The Mufti knows well that blasphemy is a sin punishable by death in Islam, but that it’s no crime in the much of the West. Yet the Mufti has “appealed to all countries and international organizations to criminalize acts ridiculing all prophets and messengers,” according to the official Saudi press agency.
Indeed, Muslim leaders of many stripes continue to promote the offensive video in the service of their demands for a global crackdown on the criticism of Islam.
Time will tell if the Saudi Wahhabis have indeed once again overplayed their hand, spreading Salafist fervor that spawns jihadis that threaten the Kingdom. That is what happened in 2003, when jihadi attacks inside Saudi Arabia finally prompted a crackdown on religious charities supporting Islamic terror groups.
The Salafis’ demands for Islamic law in the new democracies makes it harder for the new Muslim Brotherhood governments to establish themselves.

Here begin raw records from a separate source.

(* Under the fixed admissible embedding $K\hookrightarrow M_2(\mathbb{Q})$, let $h_0$ be the point of the upper half plane fixed by $K^\times$ and write the image of $\varpi_c=\frac{cD+c\sqrt{D}}{2}$ as $\begin{pmatrix} x & y\\ z & w\end{pmatrix}$. Then $K=\mathbb{Q}+\mathbb{Q}h_0$ and $\mathcal{O}_c=\mathbb{Z}+\mathbb{Z}\, y h_0^{-1}$.
   Context: $K$ is an imaginary quadratic field of discriminant $D$, $c$ is a positive integer coprime to $N=N_0N_1^2$, and $\mathcal{O}_c=\mathbb{Z}+c\mathcal{O}_K=\mathbb{Z}+\mathbb{Z}\varpi_c$ with $\varpi_c=\frac{cD+c\sqrt{D}}{2}$. The embedding $K\hookrightarrow M_2(\mathbb{Q})$ is admissible, i.e. $K\cap M_2(\mathbb{Z})=K\cap R_0(N_0)=\mathcal{O}_c$, where $R_0(N_0)$ is the set of integer matrices that are upper triangular mod $N_0$. The entry $z$ is nonzero since $K$ is a field. *)

theory Defs
  imports "HOL-Analysis.Analysis" "HOL-Computational_Algebra.Squarefree"
begin

definition imag_quad_disc :: "int \<Rightarrow> bool" where
  "imag_quad_disc D \<longleftrightarrow> D < 0 \<and>
     ((D mod 4 = 1 \<and> squarefree D) \<or>
      (D mod 4 = 0 \<and> squarefree (D div 4) \<and> (D div 4) mod 4 \<in> {2, 3}))"

definition sqrtD :: "int \<Rightarrow> complex" where
  "sqrtD D = \<i> * complex_of_real (sqrt (real_of_int (- D)))"

definition Kfield :: "int \<Rightarrow> complex set" where
  "Kfield D = {of_rat a + of_rat b * sqrtD D | a b. True}"

definition varpi :: "int \<Rightarrow> int \<Rightarrow> complex" where
  "varpi D c = (of_int (c * D) + of_int c * sqrtD D) / 2"

definition order_c :: "int \<Rightarrow> int \<Rightarrow> complex set" where
  "order_c D c = {of_int m + of_int n * varpi D c | m n. True}"

definition int_mat :: "rat^2^2 \<Rightarrow> bool" where
  "int_mat A \<longleftrightarrow> (\<forall>i j. A $ i $ j \<in> \<int>)"

definition R0 :: "int \<Rightarrow> (rat^2^2) set" where
  "R0 N0 = {A. int_mat A \<and> (\<exists>k::int. A $ 2 $ 1 = of_int (N0 * k))}"

definition alg_embedding :: "int \<Rightarrow> (complex \<Rightarrow> rat^2^2) \<Rightarrow> bool" where
  "alg_embedding D \<iota> \<longleftrightarrow>
     \<iota> 1 = mat 1 \<and>
     (\<forall>a\<in>Kfield D. \<forall>b\<in>Kfield D. \<iota> (a + b) = \<iota> a + \<iota> b \<and> \<iota> (a * b) = \<iota> a ** \<iota> b) \<and>
     inj_on \<iota> (Kfield D)"

definition admissible :: "int \<Rightarrow> int \<Rightarrow> int \<Rightarrow> (complex \<Rightarrow> rat^2^2) \<Rightarrow> bool" where
  "admissible D c N0 \<iota> \<longleftrightarrow>
     {a \<in> Kfield D. int_mat (\<iota> a)} = order_c D c \<and>
     {a \<in> Kfield D. \<iota> a \<in> R0 N0} = order_c D c"

definition moebius :: "rat^2^2 \<Rightarrow> complex \<Rightarrow> complex" where
  "moebius A h = (of_rat (A$1$1) * h + of_rat (A$1$2)) / (of_rat (A$2$1) * h + of_rat (A$2$2))"

end

theory Submission
  imports Defs
begin

text \<open>
  Let w = sqrt D and M = [[a, b], [e, f]] be the image of w. From M^2 = D with D < 0 one
  gets f = -a and be = D - a^2 \<noteq> 0. The fixed point equation of the Moebius map of M is then
  the quadratic e h0^2 - 2a h0 - b = 0, whose discriminant gives (e h0 - a)^2 = a^2 + be = w^2,
  so e h0 = a + s w with s = 1 or s = -1, and K = Q + Q h0. The same equation gives
  b/h0 = s w - a. Since 2 \<iota>(\<varpi>) = cD + cM, the entry y of \<iota>(\<varpi>) is cb/2, so
  y/h0 = c(s w - a)/2, which differs from s \<varpi> by an integer: the upper left entry (cD + ca)/2
  of \<iota>(\<varpi>) is integral because \<varpi> lies in O_c and the embedding is admissible.
\<close>

lemma rat_span_eq_affine:
  fixes w h :: "'a::field_char_0"
  assumes h: "h = of_rat a + of_rat b * w" and "b \<noteq> 0"
  shows "{of_rat p + of_rat q * w | p q. True} = {of_rat p + of_rat q * h | p q. True}"
proof (intro equalityI subsetI)
  fix x assume "x \<in> {of_rat p + of_rat q * w | p q. True}"
  then obtain p q where x: "x = of_rat p + of_rat q * w" by blast
  have "x = of_rat (p - q * a / b) + of_rat (q / b) * h"
    unfolding x h using \<open>b \<noteq> 0\<close> by (simp add: of_rat_diff of_rat_mult of_rat_divide field_simps)
  then show "x \<in> {of_rat p + of_rat q * h | p q. True}" by blast
next
  fix x assume "x \<in> {of_rat p + of_rat q * h | p q. True}"
  then obtain p q where x: "x = of_rat p + of_rat q * h" by blast
  have "x = of_rat (p + q * a) + of_rat (q * b) * w"
    unfolding x h by (simp add: of_rat_add of_rat_mult algebra_simps)
  then show "x \<in> {of_rat p + of_rat q * w | p q. True}" by blast
qed

lemma int_span_eq_affine:
  fixes w z :: "'a::comm_ring_1" and s k :: int
  assumes z: "z = of_int s * w + of_int k" and "s \<in> {1, -1}"
  shows "{of_int m + of_int n * w | m n. True} = {of_int m + of_int n * z | m n. True}"
proof (intro equalityI subsetI)
  have ss: "of_int s * of_int s = (1 :: 'a)"
    using \<open>s \<in> {1, -1}\<close> by auto
  fix x assume "x \<in> {of_int m + of_int n * w | m n. True}"
  then obtain m n where x: "x = of_int m + of_int n * w" by blast
  have "x = of_int (m - n * s * k) + of_int (n * s) * z"
    unfolding x z by (simp add: algebra_simps ss)
  then show "x \<in> {of_int m + of_int n * z | m n. True}" by blast
next
  fix x assume "x \<in> {of_int m + of_int n * z | m n. True}"
  then obtain m n where x: "x = of_int m + of_int n * z" by blast
  have "x = of_int (m + n * k) + of_int (n * s) * w"
    unfolding x z by (simp add: algebra_simps)
  then show "x \<in> {of_int m + of_int n * w | m n. True}" by blast
qed

lemma mat2_square_eq_neg_scalar:
  fixes M :: "'a::linordered_idom^2^2"
  assumes "M ** M = mat d" and "d < 0"
  shows "M$2$2 = - M$1$1" and "M$1$2 * M$2$1 = d - (M$1$1)\<^sup>2"
proof -
  obtain a b e f where abef: "a = M$1$1" "b = M$1$2" "e = M$2$1" "f = M$2$2" by blast
  have eqs: "a * a + b * e = d" "b * (a + f) = 0" "e * (a + f) = 0"
    using assms(1) unfolding vec_eq_iff
    by (auto simp: matrix_matrix_mult_def mat_def sum_2 forall_2 abef algebra_simps)
  have "a + f = 0"
  proof (rule ccontr)
    assume "a + f \<noteq> 0"
    then have "b = 0" using eqs(2) by simp
    then have "a * a = d" using eqs(1) by simp
    then show False using \<open>d < 0\<close> by (metis not_square_less_zero)
  qed
  then show "M$2$2 = - M$1$1" using abef by (simp add: add_eq_0_iff)
  show "M$1$2 * M$2$1 = d - (M$1$1)\<^sup>2"
    using eqs(1) abef by (simp add: power2_eq_square algebra_simps)
qed

text \<open>
  The denominator cannot vanish: otherwise the quotient is 0 by convention, contradicting h \<noteq> 0.
\<close>
lemma traceless_moebius_fixed_point:
  fixes A B E h :: "'a::field"
  assumes "(A * h + B) / (E * h - A) = h" and "h \<noteq> 0"
  shows "B = h * (E * h - 2 * A)"
proof -
  have "E * h - A \<noteq> 0" using assms by auto
  then have "A * h + B = h * (E * h - A)" using assms(1) by (simp add: field_simps)
  then show ?thesis by (simp add: algebra_simps)
qed

lemma moebius_fixed_point_of_square_root:
  fixes M :: "rat^2^2" and \<omega> h :: complex
  assumes "M ** M = mat d" "d < 0" "\<omega> * \<omega> = of_rat d" "moebius M h = h" "h \<noteq> 0"
  shows "\<exists>s\<in>{1, -1::int}. M$2$1 \<noteq> 0
    \<and> of_rat (M$2$1) * h = of_rat (M$1$1) + of_int s * \<omega>
    \<and> of_rat (M$1$2) = h * (of_int s * \<omega> - of_rat (M$1$1))"
proof -
  define A B E where "A = (of_rat (M$1$1) :: complex)" "B = (of_rat (M$1$2) :: complex)"
    "E = (of_rat (M$2$1) :: complex)"
  have BE: "B * E = of_rat d - A\<^sup>2"
    using mat2_square_eq_neg_scalar(2)[OF assms(1,2)]
    unfolding A_B_E_def by (metis of_rat_diff of_rat_mult of_rat_power)
  have "M$1$2 * M$2$1 < 0"
    using mat2_square_eq_neg_scalar(2)[OF assms(1,2)] \<open>d < 0\<close> zero_le_power2[of "M$1$1"]
    by linarith
  then have "M$2$1 \<noteq> 0" by auto
  have "(A * h + B) / (E * h - A) = h"
    using assms(4) mat2_square_eq_neg_scalar(1)[OF assms(1,2)]
    unfolding moebius_def A_B_E_def by (simp add: of_rat_minus)
  then have B: "B = h * (E * h - 2 * A)"
    using traceless_moebius_fixed_point \<open>h \<noteq> 0\<close> by blast
  have "(E * h - A) * (E * h - A) = E * B + A\<^sup>2"
    unfolding B by (simp add: algebra_simps power2_eq_square)
  also have "\<dots> = \<omega> * \<omega>" using BE assms(3) by (simp add: algebra_simps)
  finally have "E * h - A = \<omega> \<or> E * h - A = - \<omega>" by (simp add: square_eq_iff)
  then obtain s :: int where "s \<in> {1, -1}" and Eh: "E * h = A + of_int s * \<omega>"
    by (force simp: algebra_simps)
  moreover have "B = h * (of_int s * \<omega> - A)" using B Eh by (simp add: algebra_simps)
  ultimately show ?thesis using \<open>M$2$1 \<noteq> 0\<close> unfolding A_B_E_def by blast
qed

lemma sqrtD_square: "D < 0 \<Longrightarrow> sqrtD D * sqrtD D = of_int D"
  unfolding sqrtD_def
  by (simp add: algebra_simps flip: of_real_mult)

lemma of_int_in_Kfield: "of_int k \<in> Kfield D"
  unfolding Kfield_def by (rule CollectI, rule exI[of _ "of_int k"], rule exI[of _ 0]) simp

lemma sqrtD_in_Kfield: "sqrtD D \<in> Kfield D"
  unfolding Kfield_def by (rule CollectI, rule exI[of _ 0], rule exI[of _ 1]) simp

lemma of_int_mult_sqrtD_in_Kfield: "of_int k * sqrtD D \<in> Kfield D"
  unfolding Kfield_def by (rule CollectI, rule exI[of _ 0], rule exI[of _ "of_int k"]) simp

lemma varpi_in_Kfield: "varpi D c \<in> Kfield D"
  unfolding Kfield_def varpi_def
  by (rule CollectI, rule exI[of _ "of_int (c * D) / 2"], rule exI[of _ "of_int c / 2"])
     (simp add: of_rat_divide of_rat_mult add_divide_distrib)

lemma varpi_in_order_c: "varpi D c \<in> order_c D c"
  unfolding order_c_def by (rule CollectI, rule exI[of _ 0], rule exI[of _ 1]) simp

lemma alg_embedding_of_int:
  assumes "alg_embedding D \<iota>"
  shows "\<iota> (of_int k) = mat (of_int k)"
proof -
  have add: "\<iota> (of_int m + of_int n) = \<iota> (of_int m) + \<iota> (of_int n)" for m n
    using assms of_int_in_Kfield unfolding alg_embedding_def by blast
  have one: "\<iota> 1 = mat 1" using assms unfolding alg_embedding_def by blast
  have "\<iota> 0 = 0" using add[of 0 0] by simp
  then show ?thesis
  proof (induction k rule: int_induct[where k = 0])
    case base then show ?case by (simp add: vec_eq_iff mat_def)
  next
    case (step1 i)
    then show ?case using add[of i 1] one by (simp add: vec_eq_iff mat_def)
  next
    case (step2 i)
    have "\<iota> (of_int i) = \<iota> (of_int (i - 1)) + mat 1"
      using add[of "i - 1" 1] one by simp
    then have "\<iota> (of_int (i - 1)) = mat (of_int i) - mat 1"
      using step2 by (simp add: eq_diff_eq)
    then show ?case by (simp add: vec_eq_iff mat_def)
  qed
qed

lemma alg_embedding_sqrtD_square:
  assumes "alg_embedding D \<iota>" and "D < 0"
  shows "\<iota> (sqrtD D) ** \<iota> (sqrtD D) = mat (of_int D)"
  using assms(1) sqrtD_in_Kfield alg_embedding_of_int[OF assms(1), of D]
  unfolding alg_embedding_def by (metis sqrtD_square[OF assms(2)])

lemma alg_embedding_varpi_double:
  assumes "alg_embedding D \<iota>"
  shows "\<iota> (varpi D c) + \<iota> (varpi D c) = mat (of_int (c * D)) + mat (of_int c) ** \<iota> (sqrtD D)"
proof -
  have "varpi D c + varpi D c = of_int (c * D) + of_int c * sqrtD D"
    by (simp add: varpi_def)
  then show ?thesis
    using assms varpi_in_Kfield of_int_in_Kfield sqrtD_in_Kfield of_int_mult_sqrtD_in_Kfield
      alg_embedding_of_int[OF assms]
    unfolding alg_embedding_def by metis
qed

lemma order_c_eq_int_span:
  assumes "alg_embedding D \<iota>" and "\<iota> (varpi D c) $ 1 $ 1 \<in> \<int>" and "h \<noteq> 0"
    and "s \<in> {1, -1}"
    and "of_rat (\<iota> (sqrtD D) $ 1 $ 2) = h * (of_int s * sqrtD D - of_rat (\<iota> (sqrtD D) $ 1 $ 1))"
  shows "order_c D c
    = {of_int m + of_int n * (of_rat (\<iota> (varpi D c) $ 1 $ 2) * inverse h) | m n. True}"
proof -
  define V M where "V = \<iota> (varpi D c)" and "M = \<iota> (sqrtD D)"
  have V: "V$1$1 + V$1$1 = of_int (c * D) + of_int c * M$1$1" "V$1$2 + V$1$2 = of_int c * M$1$2"
    using alg_embedding_varpi_double[OF assms(1), of c] unfolding vec_eq_iff V_def M_def
    by (auto simp: matrix_matrix_mult_def mat_def sum_2 forall_2)
  obtain k where k: "V$1$1 = of_int k" using assms(2) V_def Ints_cases by blast
  define a z where "a = (of_rat (M$1$1) :: complex)"
    and "z = of_rat (V$1$2) * inverse h"
  have ca: "of_int c * a = 2 * of_int k - of_int c * of_int D"
  proof -
    have "(of_rat (of_int c * M$1$1) :: complex) = of_rat (of_int k + of_int k - of_int (c * D))"
      using V(1) k by simp
    then show ?thesis unfolding a_def by (simp add: of_rat_mult of_rat_diff of_rat_add)
  qed
  have "(of_rat (V$1$2) :: complex) = of_rat (of_int c * M$1$2 / 2)"
    using V(2) by (simp add: field_simps)
  then have "z = (of_int s * of_int c * sqrtD D - of_int c * a) / 2"
    using assms(3,5) unfolding z_def a_def M_def by (simp add: of_rat_mult of_rat_divide field_simps)
  then have z: "z = (of_int s * of_int c * sqrtD D + of_int c * of_int D) / 2 - of_int k"
    unfolding ca by (simp add: field_simps)
  obtain r where "z = of_int s * varpi D c + of_int r"
  proof (cases "s = 1")
    case True
    then have "z = of_int s * varpi D c + of_int (- k)" unfolding z varpi_def by simp
    then show ?thesis using that by blast
  next
    case False
    then have "s = -1" using \<open>s \<in> {1, -1}\<close> by simp
    then have "z = of_int s * varpi D c + of_int (c * D - k)"
      unfolding z varpi_def by (simp add: field_simps)
    then show ?thesis using that by blast
  qed
  then show ?thesis
    unfolding order_c_def z_def V_def using int_span_eq_affine \<open>s \<in> {1, -1}\<close> by blast
qed

theorem lemma2p3:
  fixes D c N0 N1 :: int and \<iota> :: "complex \<Rightarrow> rat^2^2" and h0 :: complex
  assumes "imag_quad_disc D"
    and "N0 > 0" and "N1 > 0" and "c > 0" and "coprime c (N0 * N1^2)"
    and "alg_embedding D \<iota>"
    and "admissible D c N0 \<iota>"
    and "Im h0 > 0"
    and "\<forall>a \<in> Kfield D - {0}. moebius (\<iota> a) h0 = h0"
  shows "Kfield D = {of_rat p + of_rat q * h0 | p q. True}
    \<and> order_c D c = {of_int m + of_int n * (of_rat (\<iota> (varpi D c) $ 1 $ 2) * inverse h0) | m n. True}"
proof -
  define M where "M = \<iota> (sqrtD D)"
  have "D < 0" using assms(1) by (simp add: imag_quad_disc_def)
  have "h0 \<noteq> 0" using assms(8) by auto
  have "sqrtD D \<noteq> 0" using sqrtD_square[OF \<open>D < 0\<close>] \<open>D < 0\<close> by auto
  then have "moebius M h0 = h0" using assms(9) sqrtD_in_Kfield M_def by blast
  then obtain s where "s \<in> {1, -1}" and "M$2$1 \<noteq> 0"
    and h0: "of_rat (M$2$1) * h0 = of_rat (M$1$1) + of_int s * sqrtD D"
    and b: "of_rat (M$1$2) = h0 * (of_int s * sqrtD D - of_rat (M$1$1))"
    using moebius_fixed_point_of_square_root[of M "of_int D" "sqrtD D" h0]
      alg_embedding_sqrtD_square[OF assms(6) \<open>D < 0\<close>] sqrtD_square[OF \<open>D < 0\<close>]
      \<open>D < 0\<close> \<open>h0 \<noteq> 0\<close> unfolding M_def by (simp only: of_rat_of_int_eq of_int_less_0_iff) blast
  have "h0 = of_rat (M$1$1 / M$2$1) + of_rat (of_int s / M$2$1) * sqrtD D"
    using h0 \<open>M$2$1 \<noteq> 0\<close> by (simp add: of_rat_divide field_simps)
  moreover have "of_int s / M$2$1 \<noteq> 0" using \<open>s \<in> {1, -1}\<close> \<open>M$2$1 \<noteq> 0\<close> by auto
  ultimately have "Kfield D = {of_rat p + of_rat q * h0 | p q. True}"
    unfolding Kfield_def by (rule rat_span_eq_affine)
  moreover have "\<iota> (varpi D c) $ 1 $ 1 \<in> \<int>"
    using assms(7) varpi_in_Kfield varpi_in_order_c unfolding admissible_def int_mat_def by blast
  ultimately show ?thesis
    using order_c_eq_int_span[OF assms(6) _ \<open>h0 \<noteq> 0\<close> \<open>s \<in> {1, -1}\<close>] b M_def by blast
qed

end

And given the way it’s gone so far, those governments can’t count on more cheerleading from the West. But the Saudis and the rest of the Gulf countries also need stability in Egypt and North Africa—and their Salafist followers are undermining it every day.
Susan Schmidt is a longtime Washington journalist and a visiting fellow at the Foundation for Defense of Democracies.